== Exercise ==
Write out, word for word, the part of the listing below that opens with the line containing "using that by (cases k) simp_all" and closes with the line containing "i(2)] by metis", keeping both of those lines and adding no others.

------ Source material

lemma moment_comp_inj:
  assumes "haar_proj M mu" "inj \<sigma>"
  shows "moment mu k (\<lambda>a. \<sigma> (i a)) = moment mu k i"
  using vector_moment_orthonormal[OF assms(1) orthonormal_basis_comp_inj[OF assms(2)]]
  by (simp add: moment_eq_integral_matrix_pairing vector_moment_def)

lemma moment_cong:
  "(\<And>a. a \<in> {1..2*k} \<Longrightarrow> i a = j a) \<Longrightarrow> moment mu k i = moment mu k j"
  using vector_moment_cong[of k "basis_family i" "basis_family j" mu]
  by (simp add: moment_eq_integral_matrix_pairing vector_moment_def)

lemma inj_extend_finite:
  fixes f :: "'a::finite \<Rightarrow> 'a"
  assumes "inj_on f A"
  obtains g where "inj g" "\<And>x. x \<in> A \<Longrightarrow> g x = f x"
proof -
  have "card (UNIV - A) = card (UNIV - f ` A)"
    using assms by (simp add: card_Diff_subset card_image)
  then obtain h where "bij_betw h (UNIV - A) (UNIV - f ` A)"
    using finite_same_card_bij[of "UNIV - A" "UNIV - f ` A"] by auto
  then have "bij_betw (\<lambda>x. if x \<in> A then f x else h x) (A \<union> (UNIV - A)) (f ` A \<union> (UNIV - f ` A))"
    using assms by (intro bij_betw_disjoint_Un) (simp_all add: inj_on_imp_bij_betw)
  then have "inj (\<lambda>x. if x \<in> A then f x else h x)"
    by (simp add: bij_betw_imp_inj_on)
  then show ?thesis by (rule that) simp
qed

lemma moment_eq_if_same_pattern:
  fixes i j :: "nat \<Rightarrow> 'n::finite"
  assumes haar: "haar_proj M mu"
    and pattern: "\<And>a b. a \<in> {1..2*k} \<Longrightarrow> b \<in> {1..2*k} \<Longrightarrow> i a = i b \<longleftrightarrow> j a = j b"
  shows "moment mu k i = moment mu k j"
proof -
  define f where "f y = i (inv_into {1..2*k} j y)" for y
  have f: "f (j a) = i a" if "a \<in> {1..2*k}" for a
  proof -
    have ja: "j a \<in> j ` {1..2*k}" using that by blast
    show ?thesis using pattern[OF inv_into_into[OF ja] that] f_inv_into_f[OF ja] by (simp add: f_def)
  qed
  have "inj_on f (j ` {1..2*k})"
    using pattern f by (fastforce simp: inj_on_def)
  then obtain \<sigma> where \<sigma>: "inj \<sigma>" "\<And>y. y \<in> j ` {1..2*k} \<Longrightarrow> \<sigma> y = f y"
    using inj_extend_finite by blast
  have "moment mu k i = moment mu k (\<lambda>a. \<sigma> (j a))" by (rule moment_cong) (simp add: \<sigma>(2) f)
  also have "\<dots> = moment mu k j" by (rule moment_comp_inj[OF haar \<sigma>(1)])
  finally show ?thesis .
qed

definition moment_defect :: "(real^'n^'n) measure \<Rightarrow> nat \<Rightarrow> (nat \<Rightarrow> real^'n) \<Rightarrow> real" where
  "moment_defect mu k u =
     vector_moment mu k u - (\<Sum>m\<in>{m. pair_partition k m}. partition_pairing m u * WgA mu k m)"

lemma moment_defect_basis_family:
  "moment_defect mu k (basis_family i) =
     moment mu k i - (\<Sum>m\<in>{m. pair_partition k m}. (if admissible m i then 1 else 0) * WgA mu k m)"
  unfolding moment_defect_def vector_moment_def moment_eq_integral_matrix_pairing
  by (intro arg_cong[where f = "\<lambda>s. _ - s"] sum.cong) (simp_all add: partition_pairing_basis)

lemma linear_in_slot_moment_defect:
  assumes "haar_proj M mu" "a \<in> {1..2*k}"
  shows "linear_in_slot (moment_defect mu k) a"
  unfolding moment_defect_def[abs_def]
  using assms linear_in_slot_partition_pairing
  by (intro linear_in_slot_diff linear_in_slot_sum linear_in_slot_vector_moment finite_pair_partitions) auto

lemma moment_defect_cong:
  "(\<And>a. a \<in> {1..2*k} \<Longrightarrow> u a = u' a) \<Longrightarrow> moment_defect mu k u = moment_defect mu k u'"
  unfolding moment_defect_def
  by (intro arg_cong2[where f = "(-)"] vector_moment_cong sum.cong arg_cong[where f = "\<lambda>x. x * _"])
    (auto intro: partition_pairing_cong)

lemma moment_defect_orthonormal:
  assumes "haar_proj M mu" "\<And>p q. r p \<bullet> r q = (if p = q then 1 else 0)"
  shows "moment_defect mu k (\<lambda>a. r (i a)) = moment_defect mu k (basis_family i)"
proof -
  have "partition_pairing m (\<lambda>a. r (i a)) = partition_pairing m (basis_family i)" for m
    by (rule partition_pairing_gram) (simp add: assms(2) inner_axis_axis)
  then show ?thesis unfolding moment_defect_def vector_moment_orthonormal[OF assms] by simp
qed

definition colour_count :: "nat \<Rightarrow> (nat \<Rightarrow> 'n) \<Rightarrow> 'n \<Rightarrow> nat" where
  "colour_count k i x = card {a\<in>{1..2*k}. i a = x}"
lemma partner_props:
  assumes "i < length w"
  shows "partner w i < length w" "partner w i \<noteq> i" "w ! partner w i = w ! i"
proof -
  have two: "count_list w (w ! i) = 2" using gauss assms unfolding gauss_word_def by simp
  then have "card {k. k < length w \<and> w ! i = w ! k} = 2"
    unfolding count_list_eq_length_filter length_filter_conv_card .
  then obtain u v where uv: "{k. k < length w \<and> w ! i = w ! k} = {u, v}" "u \<noteq> v"
    by (meson card_2_iff)
  then obtain j where j: "j < length w" "j \<noteq> i" "w ! j = w ! i"
    using assms by (metis (mono_tags, lifting) insert_iff mem_Collect_eq)
  have "partner w i = j" unfolding partner_def
  proof (rule the_equality)
    fix k assume "k < length w \<and> k \<noteq> i \<and> w ! k = w ! i"
    then show "k = j" using count_two_positions[OF two j(2,1) assms j(3)] by auto
  qed (use j in simp)
  then show "partner w i < length w" "partner w i \<noteq> i" "w ! partner w i = w ! i" using j by auto
qed

lemma partner_partner:
  assumes "i < length w"
  shows "partner w (partner w i) = i"
proof -
  have p: "partner w i < length w" "partner w i \<noteq> i" "w ! partner w i = w ! i"
    using partner_props[OF assms] by auto
  have two: "count_list w (w ! i) = 2" using gauss assms unfolding gauss_word_def by simp
  have q: "partner w (partner w i) < length w" "partner w (partner w i) \<noteq> partner w i"
    "w ! partner w (partner w i) = w ! i"
    using partner_props[OF p(1)] p(3) by auto
  show ?thesis using count_two_positions[OF two p(2) p(1) assms p(3) refl q(1) q(3)] q(2) by simp
qed

end

lemma funpow_maps_to:
  assumes "\<forall>x\<in>D. f x \<in> D" "x \<in> D"
  shows "(f ^^ n) x \<in> D"
  using assms by (induction n) auto

lemma funpow_inj_on:
  assumes "\<forall>x\<in>D. f x \<in> D" "inj_on f D" "x \<in> D" "y \<in> D" "(f ^^ n) x = (f ^^ n) y"
  shows "x = y"
  using assms(3-5)
proof (induction n arbitrary: x y)
  case (Suc n)
  then have "(f ^^ n) (f x) = (f ^^ n) (f y)" by (simp add: funpow_Suc_right del: funpow.simps)
  then have "f x = f y" using Suc.IH assms(1) Suc.prems(1,2) by blast
  then show ?case using assms(2) Suc.prems(1,2) by (meson inj_onD)
qed simp

lemma forward_orbit_period:
  assumes maps: "\<forall>x\<in>D. f x \<in> D" and inj: "inj_on f D" and d: "d \<in> D"
    and card: "card {(f ^^ k) d | k. True} = n" "0 < n"
  shows "(f ^^ n) d = d" "{(f ^^ k) d | k. True} = (\<lambda>k. (f ^^ k) d) ` {..<n}"
proof -
  let ?h = "\<lambda>k. (f ^^ k) d"
  let ?O = "{(f ^^ k) d | k. True}"
  have fin: "finite ?O" using card by (intro card_ge_0_finite) simp
  have "\<not> inj_on ?h {..n}"
  proof
    assume "inj_on ?h {..n}"
    then have "card {..n} \<le> card ?O" by (intro card_inj_on_le[OF _ _ fin]) auto
    then show False using card by simp
  qed
  then obtain a b where ab: "a < b" "b \<le> n" "?h a = ?h b"
    unfolding inj_on_def by (metis atMost_iff linorder_neqE_nat)
  define p where "p = b - a"
  have "(f ^^ a) ((f ^^ p) d) = (f ^^ (a + p)) d" by (simp add: funpow_add)
  also have "\<dots> = (f ^^ a) d" using ab unfolding p_def by simp
  finally have "(f ^^ a) ((f ^^ p) d) = (f ^^ a) d" .
  then have per: "(f ^^ p) d = d" using funpow_inj_on[OF maps inj] funpow_maps_to[OF maps d] d by blast
  have cover: "?O \<subseteq> ?h ` {..<p}"
  proof
    fix x assume "x \<in> ?O"
    then obtain k where "x = ?h k" by blast
    then have "x = ?h (k mod p)" using funpow_mod_eq[OF per] by simp
    moreover have "k mod p < p" using ab unfolding p_def by simp
    ultimately show "x \<in> ?h ` {..<p}" by blast
  qed
  then have "n \<le> p" using card(1) card_image_le[of "{..<p}" ?h] card_mono[OF _ cover] by simp
  then have "p = n" using ab unfolding p_def by simp
  then show "(f ^^ n) d = d" "?O = ?h ` {..<n}" using per cover by auto
qed

lemma alpha_props:
  assumes "d \<in> darts w"
  shows "alpha w d \<in> darts w"
    "fst (alpha w d) = Suc (fst d) mod length w \<or> fst d = Suc (fst (alpha w d)) mod length w"
proof -
  obtain i b where d: "d = (i, b)" by (cases d)
  have i: "i < length w" using assms d unfolding darts_def by simp
  then have "0 < length w" by linarith
  then show "alpha w d \<in> darts w" unfolding darts_def alpha_def d Let_def by auto
  have "i = Suc ((i + length w - 1) mod length w) mod length w"
    using i by (cases i) simp_all
  then show "fst (alpha w d) = Suc (fst d) mod length w \<or> fst d = Suc (fst (alpha w d)) mod length w"
    unfolding alpha_def d Let_def by simp
qed

lemma alpha_inj: "inj_on (alpha w) (darts w)"
proof (rule inj_onI)
  fix d d' assume dd: "d \<in> darts w" "d' \<in> darts w" "alpha w d = alpha w d'"
  obtain i b i' b' where d: "d = (i, b)" "d' = (i', b')" by (cases d, cases d')
  have i: "i < length w" "i' < length w" using dd d unfolding darts_def by auto
  have "b = b'" using dd(3) unfolding d alpha_def Let_def by (auto split: if_splits)
  moreover have "i = i'"
  proof (cases b)
    case True
    then have "Suc i mod length w = Suc i' mod length w"
      using dd(3) \<open>b = b'\<close> unfolding d alpha_def Let_def by simp
    then show ?thesis using i by (auto simp: mod_Suc split: if_splits)
  next
    case False
    have pred: "(k + length w - 1) mod length w = (if k = 0 then length w - 1 else k - 1)"
      if "k < length w" for k
      using that by (cases k) simp_all
    have "(i + length w - 1) mod length w = (i' + length w - 1) mod length w"
      using dd(3) \<open>b = b'\<close> False unfolding d alpha_def Let_def by simp
    then show ?thesis using pred[OF i(1)] pred[OF i(2)] i by (auto split: if_splits)
  qed
  ultimately show "d = d'" using d by simp
qed

context
  fixes w :: "'a list"
  assumes gauss: "gauss_word w"
begin

lemma sigma_inj: "inj_on (sigma w s) (darts w)"
proof (rule inj_onI)
  fix d d' assume dd: "d \<in> darts w" "d' \<in> darts w" "sigma w s d = sigma w s d'"
  obtain i b i' b' where d: "d = (i, b)" "d' = (i', b')" by (cases d, cases d')
  have i: "i < length w" "i' < length w" using dd d unfolding darts_def by auto
  have "partner w i = partner w i'" using dd(3) unfolding d sigma_def by simp
  then have "i = i'" using partner_partner[OF gauss i(1)] partner_partner[OF gauss i(2)] by metis
  moreover have "b = b'"
    using dd(3) \<open>i = i'\<close> unfolding d sigma_def by (cases b; cases b') simp_all
  ultimately show "d = d'" using d by simp
qed
(* Let $c$ be a positive integer and let $G=(V,E)$ be a graph on $n$ vertices such that at least $3n/4$ of its vertices have degree at least $4c$. Then $G$ has at most $5n/6$ $c$-edge-connected components.
   Context: Graphs are undirected and may have parallel edges but no self-loops. A graph is $c$-edge-connected if it has no cut of size $<c$; a single vertex is $c$-edge-connected. The $c$-edge-connected components are the maximal induced $c$-edge-connected subgraphs; their vertex sets partition $V$. *)

theory Defs
  imports Main
begin

text \<open>A finite undirected multigraph without self-loops on vertex set V is given by an
  edge-multiplicity function m: m u v is the number of parallel edges between u and v.\<close>

definition multigraph :: "'a set \<Rightarrow> ('a \<Rightarrow> 'a \<Rightarrow> nat) \<Rightarrow> bool" where
  "multigraph V m \<longleftrightarrow> finite V \<and> (\<forall>u v. m u v = m v u) \<and> (\<forall>v. m v v = 0)
     \<and> (\<forall>u v. m u v \<noteq> 0 \<longrightarrow> u \<in> V \<and> v \<in> V)"

definition degree :: "'a set \<Rightarrow> ('a \<Rightarrow> 'a \<Rightarrow> nat) \<Rightarrow> 'a \<Rightarrow> nat" where
  "degree V m v = (\<Sum>u\<in>V. m v u)"

definition edges_between :: "('a \<Rightarrow> 'a \<Rightarrow> nat) \<Rightarrow> 'a set \<Rightarrow> 'a set \<Rightarrow> nat" where
  "edges_between m S T = (\<Sum>u\<in>S. \<Sum>w\<in>T. m u w)"

definition edge_connected_on :: "nat \<Rightarrow> ('a \<Rightarrow> 'a \<Rightarrow> nat) \<Rightarrow> 'a set \<Rightarrow> bool" where
  "edge_connected_on c m U \<longleftrightarrow>
     (\<forall>S. S \<subseteq> U \<and> S \<noteq> {} \<and> S \<noteq> U \<longrightarrow> edges_between m S (U - S) \<ge> c)"

definition ec_components :: "nat \<Rightarrow> 'a set \<Rightarrow> ('a \<Rightarrow> 'a \<Rightarrow> nat) \<Rightarrow> 'a set set" where
  "ec_components c V m = {U. U \<subseteq> V \<and> U \<noteq> {} \<and> edge_connected_on c m U \<and>
     (\<forall>W. U \<subset> W \<and> W \<subseteq> V \<longrightarrow> \<not> edge_connected_on c m W)}"

end

theory Submission
  imports Defs
begin

text \<open>Let K be the set of c-edge-connected components and k = |K|. Any union of at least two
  components is not c-edge-connected, so it has a cut with fewer than c edges, and every
  component lies on one side of that cut. Splitting recursively shows that at most (c-1)(k-1)
  edges join different components. A singleton component {v} with deg v \<ge> 4c contributes at
  least 4c edge ends to these edges, so fewer than k/2 vertices are singleton components of high
  degree. Since all other singleton components lie among the at most n/4 low-degree vertices,
  there are fewer than k/2 + n/4 singleton components; all other components have at least two
  vertices, so 2k - (k/2 + n/4) < n, i.e. 6k < 5n.\<close>

lemma edges_between_mono:
  assumes "S \<subseteq> S'" "T \<subseteq> T'" "finite S'" "finite T'"
  shows "edges_between m S T \<le> edges_between m S' T'"
proof -
  have "edges_between m S T \<le> (\<Sum>u\<in>S. \<Sum>w\<in>T'. m u w)"
    unfolding edges_between_def
    by (rule sum_mono, rule sum_mono2) (use assms in auto)
  also have "\<dots> \<le> edges_between m S' T'"
    unfolding edges_between_def by (rule sum_mono2) (use assms in auto)
  finally show ?thesis .
qed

------------

== Completed task ==
      using that by (cases k) simp_all
    have "(i + length w - 1) mod length w = (i' + length w - 1) mod length w"
      using dd(3) \<open>b = b'\<close> False unfolding d alpha_def Let_def by simp
    then show ?thesis using pred[OF i(1)] pred[OF i(2)] i by (auto split: if_splits)
  qed
  ultimately show "d = d'" using d by simp
qed

context
  fixes w :: "'a list"
  assumes gauss: "gauss_word w"
begin

lemma sigma_inj: "inj_on (sigma w s) (darts w)"
proof (rule inj_onI)
  fix d d' assume dd: "d \<in> darts w" "d' \<in> darts w" "sigma w s d = sigma w s d'"
  obtain i b i' b' where d: "d = (i, b)" "d' = (i', b')" by (cases d, cases d')
  have i: "i < length w" "i' < length w" using dd d unfolding darts_def by auto
  have "partner w i = partner w i'" using dd(3) unfolding d sigma_def by simp
  then have "i = i'" using partner_partner[OF gauss i(1)] partner_partner[OF gauss i(2)] by metis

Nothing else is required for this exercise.